Given records:
(* Let $n\ge 1$, $m\ge 2$, $0\le k\le n-1$, and let $\mathcal{C}^k_{ac}$ be the class of all complete acyclic $k$-bounded CP-nets over $n$ variables of domain size $m$, over the instance space $\mathcal{X}_{swap}$. For every $c\in\mathcal{C}^k_{ac}$, letting $e_c$ denote the number of edges of $c$, \[(m-1)\mathcal{M}_k\le\mathrm{TD}(c,\mathcal{C}^k_{ac})\le e_c+n(m-1)\mathcal{U}_k.\]
   Context: Variables $V=\{v_1,\dots,v_n\}$, each with a finite domain of size $m$. An outcome assigns a value to every variable; $\mathcal{O}_X$ denotes assignments to $X\subseteq V$. A complete CP-net specifies for each $v_i$ a parent set $Pa(v_i)\subseteq V\setminus\{v_i\}$ and, for each context $\gamma\in\mathcal{O}_{Pa(v_i)}$, a strict total order $\succ^{v_i}_\gamma$ on $D_{v_i}$; parents are non-dummy. Its edges are the pairs $(v_j,v_i)$ with $v_j\in Pa(v_i)$; acyclic means this graph is acyclic; $k$-bounded means all $|Pa(v_i)|\le k$. Improving flip: changing only $v_i$ to a value preferred under $\succ^{v_i}_{o[Pa(v_i)]}$; $o'\succ o$ iff a nonempty sequence of improving flips leads from $o$ to $o'$. A swap is an ordered pair $x=(x.1,x.2)$ of outcomes differing in exactly one variable; $\mathcal{X}_{swap}$ contains exactly one ordering of each such pair (fixed arbitrarily); a CP-net $N$ is the concept $c_N(x)=1$ iff $x.1\succ x.2$. $\mathrm{TD}(c,\mathcal{C})$ is the minimum size of a set of labeled examples consistent with $c$ and with no other concept of $\mathcal{C}$. $\mathcal{M}_k=(n-k)m^k+\frac{m^k-1}{m-1}$. $\mathcal{U}_k$ is the smallest size of a set $S\subseteq\{1,\dots,m\}^{n-1}$ whose projection onto every set of $k$ coordinates contains all $m^k$ vectors. *)

theory Defs
  imports Complex_Main
begin

text \<open>Variables are v_0,...,v_{n-1} (indices i < n); every domain is {0..<m}.
  Outcomes are functions nat => nat, extensional (0 outside {0..<n}).\<close>

definition outcome :: "nat \<Rightarrow> nat \<Rightarrow> (nat \<Rightarrow> nat) \<Rightarrow> bool" where
  "outcome n m q \<longleftrightarrow> (\<forall>i<n. q i < m) \<and> (\<forall>i\<ge>n. q i = 0)"

text \<open>A CP-net is a pair (Pa, cpt): Pa i is the parent set of v_i, and
  cpt i q a b means a is preferred to b for v_i in the context q restricted to Pa i
  (cpt i q is required to depend only on the values of q on Pa i).\<close>

type_synonym cpnet = "(nat \<Rightarrow> nat set) \<times> (nat \<Rightarrow> (nat \<Rightarrow> nat) \<Rightarrow> nat \<Rightarrow> nat \<Rightarrow> bool)"

definition strict_total_on :: "nat set \<Rightarrow> (nat \<Rightarrow> nat \<Rightarrow> bool) \<Rightarrow> bool" where
  "strict_total_on D r \<longleftrightarrow>
     (\<forall>a\<in>D. \<not> r a a) \<and>
     (\<forall>a\<in>D. \<forall>b\<in>D. \<forall>c\<in>D. r a b \<longrightarrow> r b c \<longrightarrow> r a c) \<and>
     (\<forall>a\<in>D. \<forall>b\<in>D. a \<noteq> b \<longrightarrow> r a b \<or> r b a)"

definition cp_edges :: "nat \<Rightarrow> cpnet \<Rightarrow> (nat \<times> nat) set" where
  "cp_edges n N = {(j, i). i < n \<and> j \<in> fst N i}"

definition complete_cpnet :: "nat \<Rightarrow> nat \<Rightarrow> cpnet \<Rightarrow> bool" where
  "complete_cpnet n m N \<longleftrightarrow>
     (\<forall>i<n. fst N i \<subseteq> {0..<n} - {i}) \<and>
     \<comment> \<open>the preference order depends only on the context, i.e. the parent values\<close>
     (\<forall>i<n. \<forall>q p. outcome n m q \<longrightarrow> outcome n m p \<longrightarrow> (\<forall>j\<in>fst N i. q j = p j)
        \<longrightarrow> (\<forall>a<m. \<forall>b<m. snd N i q a b = snd N i p a b)) \<and>
     \<comment> \<open>each context gives a strict total order on the domain\<close>
     (\<forall>i<n. \<forall>q. outcome n m q \<longrightarrow> strict_total_on {0..<m} (snd N i q)) \<and>
     \<comment> \<open>parents are non-dummy\<close>
     (\<forall>i<n. \<forall>j\<in>fst N i. \<exists>q p. outcome n m q \<and> outcome n m p \<and>
        (\<forall>l\<in>fst N i - {j}. q l = p l) \<and>
        (\<exists>a<m. \<exists>b<m. snd N i q a b \<noteq> snd N i p a b))"

definition acyclic_cpnet :: "nat \<Rightarrow> cpnet \<Rightarrow> bool" where
  "acyclic_cpnet n N \<longleftrightarrow> acyclic (cp_edges n N)"

definition k_bounded :: "nat \<Rightarrow> nat \<Rightarrow> cpnet \<Rightarrow> bool" where
  "k_bounded n k N \<longleftrightarrow> (\<forall>i<n. card (fst N i) \<le> k)"

definition improving_flip :: "nat \<Rightarrow> nat \<Rightarrow> cpnet \<Rightarrow> (nat \<Rightarrow> nat) \<Rightarrow> (nat \<Rightarrow> nat) \<Rightarrow> bool" where
  "improving_flip n m N q p \<longleftrightarrow> outcome n m q \<and> outcome n m p \<and>
     (\<exists>i<n. (\<forall>j. j \<noteq> i \<longrightarrow> q j = p j) \<and> snd N i q (p i) (q i))"

text \<open>dominates N p q: p \<succ> q, i.e. a nonempty sequence of improving flips leads from q to p\<close>
definition dominates :: "nat \<Rightarrow> nat \<Rightarrow> cpnet \<Rightarrow> (nat \<Rightarrow> nat) \<Rightarrow> (nat \<Rightarrow> nat) \<Rightarrow> bool" where
  "dominates n m N p q \<longleftrightarrow> (improving_flip n m N)\<^sup>+\<^sup>+ q p"

definition is_swap :: "nat \<Rightarrow> nat \<Rightarrow> (nat \<Rightarrow> nat) \<Rightarrow> (nat \<Rightarrow> nat) \<Rightarrow> bool" where
  "is_swap n m q p \<longleftrightarrow> outcome n m q \<and> outcome n m p \<and>
     (\<exists>i<n. q i \<noteq> p i \<and> (\<forall>j. j \<noteq> i \<longrightarrow> q j = p j))"

definition swap_space :: "nat \<Rightarrow> nat \<Rightarrow> ((nat \<Rightarrow> nat) \<times> (nat \<Rightarrow> nat)) set \<Rightarrow> bool" where
  "swap_space n m X \<longleftrightarrow>
     (\<forall>x\<in>X. is_swap n m (fst x) (snd x)) \<and>
     (\<forall>q p. is_swap n m q p \<longrightarrow> ((q, p) \<in> X \<longleftrightarrow> (p, q) \<notin> X))"

definition concept :: "nat \<Rightarrow> nat \<Rightarrow> ((nat \<Rightarrow> nat) \<times> (nat \<Rightarrow> nat)) set \<Rightarrow> cpnet
    \<Rightarrow> ((nat \<Rightarrow> nat) \<times> (nat \<Rightarrow> nat)) \<Rightarrow> bool" where
  "concept n m X N x \<longleftrightarrow> x \<in> X \<and> dominates n m N (fst x) (snd x)"

definition acyc_class :: "nat \<Rightarrow> nat \<Rightarrow> nat \<Rightarrow> ((nat \<Rightarrow> nat) \<times> (nat \<Rightarrow> nat)) set
    \<Rightarrow> (((nat \<Rightarrow> nat) \<times> (nat \<Rightarrow> nat)) \<Rightarrow> bool) set" where
  "acyc_class n m k X = {concept n m X N | N. complete_cpnet n m N \<and> acyclic_cpnet n N \<and> k_bounded n k N}"

definition teaching_set :: "'x set \<Rightarrow> ('x \<Rightarrow> bool) \<Rightarrow> ('x \<Rightarrow> bool) set \<Rightarrow> 'x set \<Rightarrow> bool" where
  "teaching_set X c C S \<longleftrightarrow> S \<subseteq> X \<and> finite S \<and>
     (\<forall>c'\<in>C. (\<forall>x\<in>S. c' x = c x) \<longrightarrow> c' = c)"

definition TD :: "'x set \<Rightarrow> ('x \<Rightarrow> bool) \<Rightarrow> ('x \<Rightarrow> bool) set \<Rightarrow> nat" where
  "TD X c C = (LEAST t. \<exists>S. teaching_set X c C S \<and> card S = t)"

definition M_k :: "nat \<Rightarrow> nat \<Rightarrow> nat \<Rightarrow> real" where
  "M_k n m k = real (n - k) * real m ^ k + (real m ^ k - 1) / (real m - 1)"

definition k_universal :: "nat \<Rightarrow> nat \<Rightarrow> nat \<Rightarrow> nat list set \<Rightarrow> bool" where
  "k_universal n m k S \<longleftrightarrow>
     (\<forall>s\<in>S. length s = n - 1 \<and> set s \<subseteq> {1..m}) \<and>
     (\<forall>I. I \<subseteq> {0..<n-1} \<longrightarrow> card I = k \<longrightarrow>
        (\<forall>v. (\<forall>i\<in>I. v i \<in> {1..m}) \<longrightarrow> (\<exists>s\<in>S. \<forall>i\<in>I. s ! i = v i)))"

definition U_k :: "nat \<Rightarrow> nat \<Rightarrow> nat \<Rightarrow> nat" where
  "U_k n m k = (LEAST t. \<exists>S. finite S \<and> k_universal n m k S \<and> card S = t)"

end

(*
  List the variables so that each precedes its descendants; the t-th variable v has
  at least t non-descendants, so it may be given a parent set P of min(t, k) non-descendants
  containing its actual parents.  For every assignment to P and every pair of values adjacent in
  the order of v under that assignment, a teaching set must contain a swap of v, in a context
  extending the assignment, that exchanges exactly these two values: otherwise exchanging them in
  the CPT of v in precisely those contexts gives another acyclic k-bounded CP-net consistent with
  the sample.  This yields (m - 1) m^min(t, k) distinct swaps for the t-th variable, and the sum
  over t is (m - 1) M_k.

  For every variable v_i, every context read off a vector of a k-universal set and
  every pair of values adjacent in the order of v_i at that context take the corresponding swap,
  and add for every edge one swap witnessing that the parent is non-dummy.  A consistent net then
  contains all edges of the target; as it has at most k parents, every context of v_i agrees on
  them with a universal context, where the adjacent swaps pin down the whole order.

  In both directions the label of a swap is read off the CPT directly, because in an acyclic net
  the potential sum_u rank(u) (nm)^#descendants(u) strictly increases along improving flips.
*)

theory Submission
  imports Defs "HOL-Library.FuncSet"
begin

section \<open>Strict total orders on an initial segment\<close>

lemma strict_total_on_irrefl:
  "strict_total_on {0..<m} r \<Longrightarrow> a < m \<Longrightarrow> \<not> r a a"
  unfolding strict_total_on_def by simp

lemma strict_total_on_trans:
  "strict_total_on {0..<m} r \<Longrightarrow> a < m \<Longrightarrow> b < m \<Longrightarrow> c < m \<Longrightarrow> r a b \<Longrightarrow> r b c \<Longrightarrow> r a c"
  unfolding strict_total_on_def by (meson atLeastLessThan_iff zero_le)

lemma strict_total_on_total:
  "strict_total_on {0..<m} r \<Longrightarrow> a < m \<Longrightarrow> b < m \<Longrightarrow> a \<noteq> b \<Longrightarrow> r a b \<or> r b a"
  unfolding strict_total_on_def by simp

lemma strict_total_on_asym:
  "strict_total_on {0..<m} r \<Longrightarrow> a < m \<Longrightarrow> b < m \<Longrightarrow> r a b \<Longrightarrow> \<not> r b a"
  by (meson strict_total_on_irrefl strict_total_on_trans)

lemma strict_total_on_not_iff:
  "strict_total_on {0..<m} r \<Longrightarrow> a < m \<Longrightarrow> b < m \<Longrightarrow> a \<noteq> b \<Longrightarrow> \<not> r b a \<longleftrightarrow> r a b"
  by (metis strict_total_on_asym strict_total_on_total)

definition pref_rank :: "nat \<Rightarrow> (nat \<Rightarrow> nat \<Rightarrow> bool) \<Rightarrow> nat \<Rightarrow> nat" where
  "pref_rank m r x = card {y\<in>{0..<m}. r x y}"

definition value_of_rank :: "nat \<Rightarrow> (nat \<Rightarrow> nat \<Rightarrow> bool) \<Rightarrow> nat \<Rightarrow> nat" where
  "value_of_rank m r = inv_into {0..<m} (pref_rank m r)"

lemma pref_rank_cong: "(\<And>b. b < m \<Longrightarrow> r' a b = r a b) \<Longrightarrow> pref_rank m r' a = pref_rank m r a"
  unfolding pref_rank_def by (rule arg_cong[where f = card]) auto

lemma pref_rank_less:
  assumes "strict_total_on {0..<m} r" "x < m"
  shows "pref_rank m r x < m"
proof -
  have "{y\<in>{0..<m}. r x y} \<subseteq> {0..<m} - {x}"
    using strict_total_on_irrefl[OF assms] by auto
  hence "pref_rank m r x \<le> card ({0..<m} - {x})"
    unfolding pref_rank_def by (intro card_mono) auto
  thus ?thesis using assms(2) by simp
qed

lemma pref_rank_strict_anti:
  assumes r: "strict_total_on {0..<m} r" and "x < m" "y < m" "r x y"
  shows "pref_rank m r y < pref_rank m r x"
proof -
  have "{z\<in>{0..<m}. r y z} \<subset> {z\<in>{0..<m}. r x z}"
    using assms strict_total_on_trans[OF r, of x y] strict_total_on_irrefl[OF r, of y] by auto
  thus ?thesis unfolding pref_rank_def by (intro psubset_card_mono) auto
qed

lemma pref_rank_less_iff:
  assumes r: "strict_total_on {0..<m} r" and "x < m" "y < m"
  shows "pref_rank m r y < pref_rank m r x \<longleftrightarrow> r x y"
  using assms pref_rank_strict_anti[OF r] strict_total_on_total[OF r]
  by (metis less_not_refl less_asym)

lemma bij_betw_pref_rank:
  assumes r: "strict_total_on {0..<m} r"
  shows "bij_betw (pref_rank m r) {0..<m} {0..<m}"
proof -
  have inj: "inj_on (pref_rank m r) {0..<m}"
    by (rule inj_onI) (metis atLeastLessThan_iff pref_rank_strict_anti[OF r]
        strict_total_on_total[OF r] less_not_refl)
  have "pref_rank m r ` {0..<m} \<subseteq> {0..<m}"
    using pref_rank_less[OF r] by auto
  moreover have "card (pref_rank m r ` {0..<m}) = card {0..<m}"
    using card_image[OF inj] by simp
  ultimately have "pref_rank m r ` {0..<m} = {0..<m}"
    by (intro card_subset_eq) auto
  thus ?thesis using inj unfolding bij_betw_def by simp
qed

lemma bij_betw_value_of_rank:
  "strict_total_on {0..<m} r \<Longrightarrow> bij_betw (value_of_rank m r) {0..<m} {0..<m}"
  unfolding value_of_rank_def by (rule bij_betw_inv_into[OF bij_betw_pref_rank])

lemma value_of_rank_less: "strict_total_on {0..<m} r \<Longrightarrow> t < m \<Longrightarrow> value_of_rank m r t < m"
  using bij_betwE[OF bij_betw_value_of_rank] by simp

lemma value_of_rank_inject:
  "strict_total_on {0..<m} r \<Longrightarrow> t < m \<Longrightarrow> t' < m \<Longrightarrow>
    value_of_rank m r t = value_of_rank m r t' \<longleftrightarrow> t = t'"
  by (metis atLeastLessThan_iff bij_betw_imp_inj_on bij_betw_value_of_rank inj_on_contraD zero_le)

lemma pref_rank_value_of_rank:
  "strict_total_on {0..<m} r \<Longrightarrow> t < m \<Longrightarrow> pref_rank m r (value_of_rank m r t) = t"
  unfolding value_of_rank_def by (simp add: bij_betw_inv_into_right[OF bij_betw_pref_rank])

lemma value_of_rank_pref_rank:
  "strict_total_on {0..<m} r \<Longrightarrow> x < m \<Longrightarrow> value_of_rank m r (pref_rank m r x) = x"
  unfolding value_of_rank_def by (simp add: bij_betw_inv_into_left[OF bij_betw_pref_rank])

Work task: Copy every single line of the material above that holds "close".

Response to this exercise:
  Outcomes are functions nat => nat, extensional (0 outside {0..<n}).\<close>
  (cpt i q is required to depend only on the values of q on Pa i).\<close>
     \<comment> \<open>the preference order depends only on the context, i.e. the parent values\<close>
     \<comment> \<open>each context gives a strict total order on the domain\<close>
     \<comment> \<open>parents are non-dummy\<close>
text \<open>dominates N p q: p \<succ> q, i.e. a nonempty sequence of improving flips leads from q to p\<close>
section \<open>Strict total orders on an initial segment\<close>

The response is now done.